### [EXERCISE INSTRUCTIONS]
The word to look for is "nonzero". Report every line of the entries below that has it.

Saved data entries
########################################
lemma sum_kraus_conj_eq_kernel:
  "(\<Sum>m\<in>M. mmult d (mmult d (E m) \<rho>) (adj (E m)) k k')
     = (\<Sum>l\<in>{1..d}. \<Sum>j\<in>{1..d}. \<rho> l j * kraus_kernel M E k l k' j)"
proof -
  have "(\<Sum>m\<in>M. mmult d (mmult d (E m) \<rho>) (adj (E m)) k k')
      = (\<Sum>m\<in>M. \<Sum>j\<in>{1..d}. \<Sum>l\<in>{1..d}. \<rho> l j * (E m k l * cnj (E m k' j)))"
    by (simp add: mmult_def adj_def sum_distrib_left sum_distrib_right mult_ac)
  also have "\<dots> = (\<Sum>j\<in>{1..d}. \<Sum>l\<in>{1..d}. \<Sum>m\<in>M. \<rho> l j * (E m k l * cnj (E m k' j)))"
    by (simp add: sum.swap[of _ M] sum.swap[of _ M "{1..d}"])
  also have "\<dots> = (\<Sum>l\<in>{1..d}. \<Sum>j\<in>{1..d}. \<rho> l j * kraus_kernel M E k l k' j)"
    by (subst sum.swap) (simp add: kraus_kernel_def sum_distrib_left)
  finally show ?thesis .
qed

lemma sum_adj_mult_eq_kernel:
  "(\<Sum>m\<in>M. mmult d (adj (E m)) (E m) k k') = (\<Sum>j\<in>{1..d}. cnj (kraus_kernel M E j k j k'))"
  by (simp add: mmult_def adj_def kraus_kernel_def sum.swap[of _ M])

lemma of_real_inverse_sqrt_mult_cnj:
  "0 \<le> x \<Longrightarrow> complex_of_real (1 / sqrt x) * cnj (complex_of_real (1 / sqrt x)) = complex_of_real (1 / x)"
  by (simp flip: of_real_mult)

lemma sum_sum_pair_delta:
  assumes "finite A" "finite B" "x \<in> A" "y \<in> B"
  shows "(\<Sum>a\<in>A. \<Sum>b\<in>B. of_bool (a = x \<and> b = y) * f a b) = (f x y :: 'c :: semiring_1)"
proof -
  have "(\<Sum>a\<in>A. \<Sum>b\<in>B. of_bool (a = x \<and> b = y) * f a b) = (\<Sum>a\<in>A. if a = x then \<Sum>b\<in>B. if b = y then f a b else 0 else 0)"
    by (auto intro!: sum.cong)
  then show ?thesis using assms by simp
qed

lemma sym_state_inner:
  assumes "l \<in> {1..d}" "k \<in> {1..d}"
  shows "(\<Sum>a\<in>{1..d}. \<Sum>b\<in>{1..d}. sym_state l k a b * cnj (sym_state l' k' a b))
       = of_bool ((l = l' \<and> k = k') \<or> (l = k' \<and> k = l'))"
proof (cases "l = k")
  case True
  then have "sym_state l k a b = of_bool (a = l \<and> b = l)" for a b
    by (simp add: sym_state_def)
  then have "(\<Sum>a\<in>{1..d}. \<Sum>b\<in>{1..d}. sym_state l k a b * cnj (sym_state l' k' a b))
      = (\<Sum>a\<in>{1..d}. \<Sum>b\<in>{1..d}. of_bool (a = l \<and> b = l) * cnj (sym_state l' k' a b))"
    by simp
  also have "\<dots> = cnj (sym_state l' k' l l)"
    using assms by (intro sum_sum_pair_delta) auto
  finally show ?thesis using True by (auto simp: sym_state_def)
next
  case False
  let ?s = "complex_of_real (1 / sqrt 2)"
  have "(\<Sum>a\<in>{1..d}. \<Sum>b\<in>{1..d}. sym_state l k a b * cnj (sym_state l' k' a b))
      = (\<Sum>a\<in>{1..d}. \<Sum>b\<in>{1..d}. of_bool (a = l \<and> b = k) * (?s * cnj (sym_state l' k' a b)))
      + (\<Sum>a\<in>{1..d}. \<Sum>b\<in>{1..d}. of_bool (a = k \<and> b = l) * (?s * cnj (sym_state l' k' a b)))"
  proof -
    have "sym_state l k a b = (of_bool (a = l \<and> b = k) + of_bool (a = k \<and> b = l)) * ?s" for a b
      using False by (auto simp: sym_state_def)
    then show ?thesis by (simp only: mult.assoc distrib_right sum.distrib)
  qed
  also have "\<dots> = ?s * cnj (sym_state l' k' l k) + ?s * cnj (sym_state l' k' k l)"
    using assms by (intro arg_cong2[where f = "(+)"] sum_sum_pair_delta) auto
  also have "\<dots> = of_bool ((l = l' \<and> k = k') \<or> (l = k' \<and> k = l'))"
  proof -
    have "?s * ?s = 1 / 2"
      by (simp flip: of_real_mult)
    then show ?thesis using False by (auto simp: sym_state_def)
  qed
  finally show ?thesis .
qed

text \<open>Tracing out the clone system: the complementary channel has the Kraus operators
  \<open>(\<langle>a| \<otimes> \<langle>b| \<otimes> I) V\<close>.\<close>
definition cloner_kraus :: "nat \<Rightarrow> nat \<times> nat \<Rightarrow> nat \<Rightarrow> nat \<Rightarrow> complex" where
  "cloner_kraus d ab k l = cloner_iso d (fst ab, snd ab, k) l"

lemma compl_S2_eq_sum_kraus:
  "compl_S2 d \<rho> k k'
     = (\<Sum>ab\<in>{1..d} \<times> {1..d}. mmult d (mmult d (cloner_kraus d ab) \<rho>) (adj (cloner_kraus d ab)) k k')"
proof -
  have "mmult d (mmult d (cloner_kraus d (a, b)) \<rho>) (adj (cloner_kraus d (a, b))) k k'
      = (\<Sum>l\<in>{1..d}. \<Sum>l'\<in>{1..d}. cloner_iso d (a, b, k) l * \<rho> l l' * cnj (cloner_iso d (a, b, k') l'))"
    for a b
    by (simp add: mmult_def adj_def cloner_kraus_def sum_distrib_right) (rule sum.swap)
  moreover have "compl_S2 d \<rho> k k' = (\<Sum>(a, b)\<in>{1..d} \<times> {1..d}.
      \<Sum>l\<in>{1..d}. \<Sum>l'\<in>{1..d}. cloner_iso d (a, b, k) l * \<rho> l l' * cnj (cloner_iso d (a, b, k') l'))"
    unfolding compl_S2_def by (rule sum.cartesian_product)
  ultimately show ?thesis by (auto intro: sum.cong)
qed

lemma kraus_kernel_cloner:
  assumes "k \<in> {1..d}" "l \<in> {1..d}"
  shows "kraus_kernel ({1..d} \<times> {1..d}) (cloner_kraus d) k l k' j
       = (if (l = j \<and> k = k') \<or> (l = k' \<and> k = j) then (1 + of_bool (l = k)) / (of_nat d + 1) else 0)"
proof -
  define w where "w l k = sqrt ((1 + of_bool (l = k)) / (real d + 1))" for l k :: nat
  have "kraus_kernel ({1..d} \<times> {1..d}) (cloner_kraus d) k l k' j
      = (\<Sum>a\<in>{1..d}. \<Sum>b\<in>{1..d}. cloner_iso d (a, b, k) l * cnj (cloner_iso d (a, b, k') j))"
    by (simp add: kraus_kernel_def cloner_kraus_def sum.cartesian_product split_def)
  also have "\<dots> = complex_of_real (w l k * w j k')
      * (\<Sum>a\<in>{1..d}. \<Sum>b\<in>{1..d}. sym_state l k a b * cnj (sym_state j k' a b))"
    by (simp add: cloner_iso_def w_def sum_distrib_left mult_ac)
  also have "\<dots> = complex_of_real (w l k * w j k') * of_bool ((l = j \<and> k = k') \<or> (l = k' \<and> k = j))"
    using assms by (simp only: sym_state_inner)
  also have "\<dots> = (if (l = j \<and> k = k') \<or> (l = k' \<and> k = j) then (1 + of_bool (l = k)) / (of_nat d + 1) else 0)"
  proof (cases "(l = j \<and> k = k') \<or> (l = k' \<and> k = j)")
    case True
    then have "w j k' = w l k" by (auto simp: w_def)
    then have "w l k * w j k' = (1 + of_bool (l = k)) / (real d + 1)"
      by (simp add: w_def)
    then have "complex_of_real (w l k * w j k') = (1 + of_bool (l = k)) / (of_nat d + 1)"
      by simp
    with True show ?thesis by simp
  next
    case False
    then show ?thesis by (simp only: of_bool_eq if_False mult_zero_right)
  qed
  finally show ?thesis .
qed

lemma kraus_kernel_diag:
  assumes "k \<in> {1..d}"
  shows "kraus_kernel {1..d} (kraus_diag d) k l k' j = of_bool (l = k \<and> k' = k \<and> j = k) / (of_nat d + 1)"
proof -
  let ?c = "complex_of_real (1 / sqrt (real d + 1))"
  have "kraus_diag d m k l * cnj (kraus_diag d m k' j)
      = (if m = k then of_bool (l = k \<and> k' = k \<and> j = k) * (?c * cnj ?c) else 0)" for m
    by (auto simp: kraus_diag_def)
  then have "kraus_kernel {1..d} (kraus_diag d) k l k' j = of_bool (l = k \<and> k' = k \<and> j = k) * (?c * cnj ?c)"
    using assms by (simp add: kraus_kernel_def)
  moreover have "?c * cnj ?c = 1 / (of_nat d + 1)"
    by (subst of_real_inverse_sqrt_mult_cnj) simp_all
  ultimately show ?thesis by simp
qed

lemma kraus_vec_apply:
  assumes "b \<in> {1..d}"
  shows "kraus_vec d n a b = complex_of_real (1 / sqrt (4 ^ (d - 1) * (real d + 1))) * \<i> ^ n a * \<i> ^ n b"
proof -
  have sign: "(- \<i>) ^ m * (- 1) ^ m = \<i> ^ m" for m
    by (simp flip: power_mult_distrib)
  have "kraus_vec d n a b
      = (\<Sum>j\<in>{1..d}. if j = b then complex_of_real (1 / sqrt (4 ^ (d - 1) * (real d + 1))) * \<i> ^ n a
                                   * (cnj (\<i> ^ n b) * (-1) ^ n b) else 0)"
    unfolding kraus_vec_def mmult_def psi_def sigma_z_def by (rule sum.cong) auto
  then show ?thesis using assms by (simp add: sign)
qed

lemma kraus_kernel_vec:
  assumes "k \<in> {1..d}" "l \<in> {1..d}" "k' \<in> {1..d}" "j \<in> {1..d}"
  shows "kraus_kernel (vec_set d) (kraus_vec d) k l k' j
       = of_bool ((l = j \<and> k = k') \<or> (l = k' \<and> k = j)) / (of_nat d + 1)"
proof -
  let ?c = "complex_of_real (1 / sqrt (4 ^ (d - 1) * (real d + 1)))"
  have "kraus_vec d n k l * cnj (kraus_vec d n k' j)
      = ?c * cnj ?c * (\<i> ^ n k * \<i> ^ n l * cnj (\<i> ^ n k') * cnj (\<i> ^ n j))" for n
    using assms by (simp only: kraus_vec_apply complex_cnj_mult mult_ac)
  then have "kraus_kernel (vec_set d) (kraus_vec d) k l k' j
      = ?c * cnj ?c * (\<Sum>n\<in>vec_set d. \<i> ^ n k * \<i> ^ n l * cnj (\<i> ^ n k') * cnj (\<i> ^ n j))"
    by (simp only: kraus_kernel_def sum_distrib_left)
  also have "\<dots> = ?c * cnj ?c * (if (k = k' \<and> l = j) \<or> (k = j \<and> l = k') then 4 ^ (d - 1) else 0)"
    using assms by (simp only: sum_vec_set_i_powers)
  also have "\<dots> = of_bool ((l = j \<and> k = k') \<or> (l = k' \<and> k = j)) / (of_nat d + 1)"
  proof -
    have "?c * cnj ?c * 4 ^ (d - 1) = 1 / (4 ^ (d - 1) * (of_nat d + 1)) * 4 ^ (d - 1)"
      by (subst of_real_inverse_sqrt_mult_cnj) simp_all
    then show ?thesis by auto
  qed
  finally show ?thesis .
qed

lemma kraus_kernel_diag_add_vec:
  assumes "k \<in> {1..d}" "l \<in> {1..d}" "k' \<in> {1..d}" "j \<in> {1..d}"
  shows "kraus_kernel {1..d} (kraus_diag d) k l k' j + kraus_kernel (vec_set d) (kraus_vec d) k l k' j
       = kraus_kernel ({1..d} \<times> {1..d}) (cloner_kraus d) k l k' j"
  unfolding kraus_kernel_diag[OF assms(1)] kraus_kernel_vec[OF assms] kraus_kernel_cloner[OF assms(1,2)]
  by (auto simp: add_divide_distrib)

lemma cloner_kraus_complete:
  assumes "k \<in> {1..d}" "k' \<in> {1..d}"
  shows "(\<Sum>j\<in>{1..d}. cnj (kraus_kernel ({1..d} \<times> {1..d}) (cloner_kraus d) j k j k')) = idm k k'"
proof -
  have entry: "cnj (kraus_kernel ({1..d} \<times> {1..d}) (cloner_kraus d) j k j k')
      = of_bool (k = k') * ((1 + of_bool (k = j)) / (of_nat d + 1))" if "j \<in> {1..d}" for j
    unfolding kraus_kernel_cloner[OF that assms(1)] by auto
  have nonzero: "(of_nat d + 1 :: complex) \<noteq> 0"
    by (metis of_nat_Suc of_nat_neq_0 add.commute)
  have "(\<Sum>j\<in>{1..d}. cnj (kraus_kernel ({1..d} \<times> {1..d}) (cloner_kraus d) j k j k'))
      = of_bool (k = k') * (\<Sum>j\<in>{1..d}. (1 + of_bool (k = j)) / (of_nat d + 1))"
    by (simp only: sum.cong[OF refl entry] sum_distrib_left)
  also have "(\<Sum>j\<in>{1..d}. (1 + of_bool (k = j)) / (of_nat d + 1)) = (1 :: complex)"
    using assms nonzero by (simp add: sum_divide_distrib[symmetric] sum.distrib add_divide_distrib[symmetric])
  finally show ?thesis by (simp add: idm_def)
qed

theorem lemma2:
  fixes d :: nat
  assumes "d \<ge> 2"
  shows "(\<forall>\<rho>. \<forall>k\<in>{1..d}. \<forall>k'\<in>{1..d}.
            compl_S2 d \<rho> k k' =
              (\<Sum>j\<in>{1..d}. mmult d (mmult d (kraus_diag d j) \<rho>) (adj (kraus_diag d j)) k k')
            + (\<Sum>n\<in>vec_set d. mmult d (mmult d (kraus_vec d n) \<rho>) (adj (kraus_vec d n)) k k'))
       \<and> (\<forall>k\<in>{1..d}. \<forall>k'\<in>{1..d}.
            (\<Sum>j\<in>{1..d}. mmult d (adj (kraus_diag d j)) (kraus_diag d j) k k')
            + (\<Sum>n\<in>vec_set d. mmult d (adj (kraus_vec d n)) (kraus_vec d n) k k')
            = idm k k')"
proof (intro conjI allI ballI)
  fix \<rho> k k' assume k: "k \<in> {1..d}" "k' \<in> {1..d}"
  have "compl_S2 d \<rho> k k'
      = (\<Sum>l\<in>{1..d}. \<Sum>j\<in>{1..d}. \<rho> l j * kraus_kernel ({1..d} \<times> {1..d}) (cloner_kraus d) k l k' j)"
    by (simp only: compl_S2_eq_sum_kraus sum_kraus_conj_eq_kernel)
  also have "\<dots> = (\<Sum>l\<in>{1..d}. \<Sum>j\<in>{1..d}. \<rho> l j * kraus_kernel {1..d} (kraus_diag d) k l k' j
                                       + \<rho> l j * kraus_kernel (vec_set d) (kraus_vec d) k l k' j)"
    by (intro sum.cong refl) (metis k kraus_kernel_diag_add_vec distrib_left)
  finally show "compl_S2 d \<rho> k k' =
          (\<Sum>j\<in>{1..d}. mmult d (mmult d (kraus_diag d j) \<rho>) (adj (kraus_diag d j)) k k')
        + (\<Sum>n\<in>vec_set d. mmult d (mmult d (kraus_vec d n) \<rho>) (adj (kraus_vec d n)) k k')"
    by (simp only: sum_kraus_conj_eq_kernel sum.distrib)
next
  fix k k' assume k: "k \<in> {1..d}" "k' \<in> {1..d}"
  have "(\<Sum>j\<in>{1..d}. mmult d (adj (kraus_diag d j)) (kraus_diag d j) k k')
        + (\<Sum>n\<in>vec_set d. mmult d (adj (kraus_vec d n)) (kraus_vec d n) k k')
      = (\<Sum>j\<in>{1..d}. cnj (kraus_kernel {1..d} (kraus_diag d) j k j k'
                             + kraus_kernel (vec_set d) (kraus_vec d) j k j k'))"
    by (simp only: sum_adj_mult_eq_kernel complex_cnj_add sum.distrib)
  also have "\<dots> = (\<Sum>j\<in>{1..d}. cnj (kraus_kernel ({1..d} \<times> {1..d}) (cloner_kraus d) j k j k'))"
    by (intro sum.cong refl) (metis k kraus_kernel_diag_add_vec)
  finally show "(\<Sum>j\<in>{1..d}. mmult d (adj (kraus_diag d j)) (kraus_diag d j) k k')
        + (\<Sum>n\<in>vec_set d. mmult d (adj (kraus_vec d n)) (kraus_vec d n) k k') = idm k k'"
    using cloner_kraus_complete[OF k] by simp
qed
########################################
### [FINISHED TASK]
  have nonzero: "(of_nat d + 1 :: complex) \<noteq> 0"
    using assms nonzero by (simp add: sum_divide_distrib[symmetric] sum.distrib add_divide_distrib[symmetric])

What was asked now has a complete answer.